There is no universal method of inoculum application, and some plantings need a specific mode of application. A relevant issue is to optimize the introduction of AMF as early as possible in the plant growth, by layering inoculums below seeds or integration inoculum into the growth substrate for containerized plants. The micropropagated plants can be inoculated post vitro at the transplantation phase, while bare-root plants can be dipped into gel formulations of AM inocula before transplantation stage, or dry formulations of inoculum can be spread into the planting. For larger-scale application machinery like sowing machines or mixing tanks for substrates and field inoculations are needed. Ecological aspects such as amount of fertilizer input, potential of fungal populations, soil properties, should be taken into account for the introduction of inoculum into the field (Vosátka and Dodd 2002). One marketing branch of AM products includes the production of biotized plants; and this is used for medicinal plants (Germany), endomycorrhizal trees for recultivation (Czech Republic), and for micropropagated plants (France).
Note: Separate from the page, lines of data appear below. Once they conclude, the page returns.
definition opvars_nonneg :: "('i, 'j, 'k, 'z, 'w) opvars \<Rightarrow> bool" where
  "opvars_nonneg x \<longleftrightarrow>
     (\<forall>\<omega> z t k. xNMNB x \<omega> z t k \<ge> 0 \<and> xRMINV x \<omega> z t k \<ge> 0 \<and> xRMS x \<omega> z t k \<ge> 0 \<and>
                 xINV x \<omega> z t k \<ge> 0 \<and> xINVNB x \<omega> z t k \<ge> 0 \<and> xCPINV x \<omega> z t k \<ge> 0 \<and>
                 xNMCP x \<omega> z t k \<ge> 0 \<and> xMCCP x \<omega> z t k \<ge> 0 \<and> xINVMC x \<omega> z t k \<ge> 0) \<and>
     (\<forall>\<omega> z t i. xRB x \<omega> z t i \<ge> 0) \<and>
     (\<forall>\<omega> z t i j. xRBRM x \<omega> z t i j \<ge> 0) \<and>
     (\<forall>\<omega> z z' t k. xTRRM x \<omega> z z' t k \<ge> 0) \<and>
     (\<forall>\<omega> z z' t i. xTRRB x \<omega> z z' t i \<ge> 0)"

definition prod_constraints ::
  "('i, 'j, 'k, 'z, 'w) model \<Rightarrow> ('i, 'j, 'k, 'z, 'w) opvars \<Rightarrow> bool" where
  "prod_constraints M x \<longleftrightarrow>
    (\<forall>t\<in>{1..Tn M}. \<forall>z\<in>Zones M. \<forall>\<omega>\<in>Om M (sig M t).
      \<comment> \<open>(Prod1)\<close>
      (\<forall>k\<in>KCP M. (\<Sum>i\<in>Ichem M. DNB M i k * dem M \<omega> z t i)
                    = xNMNB x \<omega> z t k + xINVNB x \<omega> z t k) \<and>
      \<comment> \<open>(Prod2)\<close>
      (\<forall>k\<in>Kmat M - KCP M. (\<Sum>i\<in>Ichem M. DNB M i k * dem M \<omega> z t i) = xNMNB x \<omega> z t k) \<and>
      \<comment> \<open>(Prod3)\<close>
      (\<forall>k\<in>Kmat M - KCP M. (\<Sum>k'\<in>KCP M. DCP M k' k * xCPINV x \<omega> z t k')
                    = xNMCP x \<omega> z t k + xMCCP x \<omega> z t k) \<and>
      \<comment> \<open>(Prod4)\<close>
      (\<forall>k\<in>Kmat M - KCP M. (\<Sum>k'\<in>Kmat M - KCP M. DMC M k' k * xMCCP x \<omega> z t k')
                    = xINVMC x \<omega> z t k) \<and>
      \<comment> \<open>(Prod5)\<close>
      (\<forall>k\<in>Kmat M. xRMINV x \<omega> z t k + xRMS x \<omega> z t k
                    = (\<Sum>i\<in>Ichem M. \<Sum>j\<in>Jproc M. DREC M k i j * xRBRM x \<omega> z t i j)))"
Due to regulation the use of microbial products for plant protection in the EU, the AM fungal inoculum should not be regarded as a biocontrol agent; nevertheless AM fungi do not produce harmful substances, and AM do no attack other organisms, so they should be declared as a natural part of the plant, and the part concerning of the regulation "risk assessment" criteria is inappropriate to AMF therefore, the European network on AMF is in discussions within the EU on the need for a registration procedure for AMF.
There are still several cases of conventional farmers who prefer chemical inputs and use plenty of NPK fertilizer for the soil, instead of worrying about fungi that are not seen with the naked eye. For that reason it should be an objective of industrial and scientists partners to promote AM inoculations as biotechnology tool, with potential implementations in the majority of the places of sustainable plant production.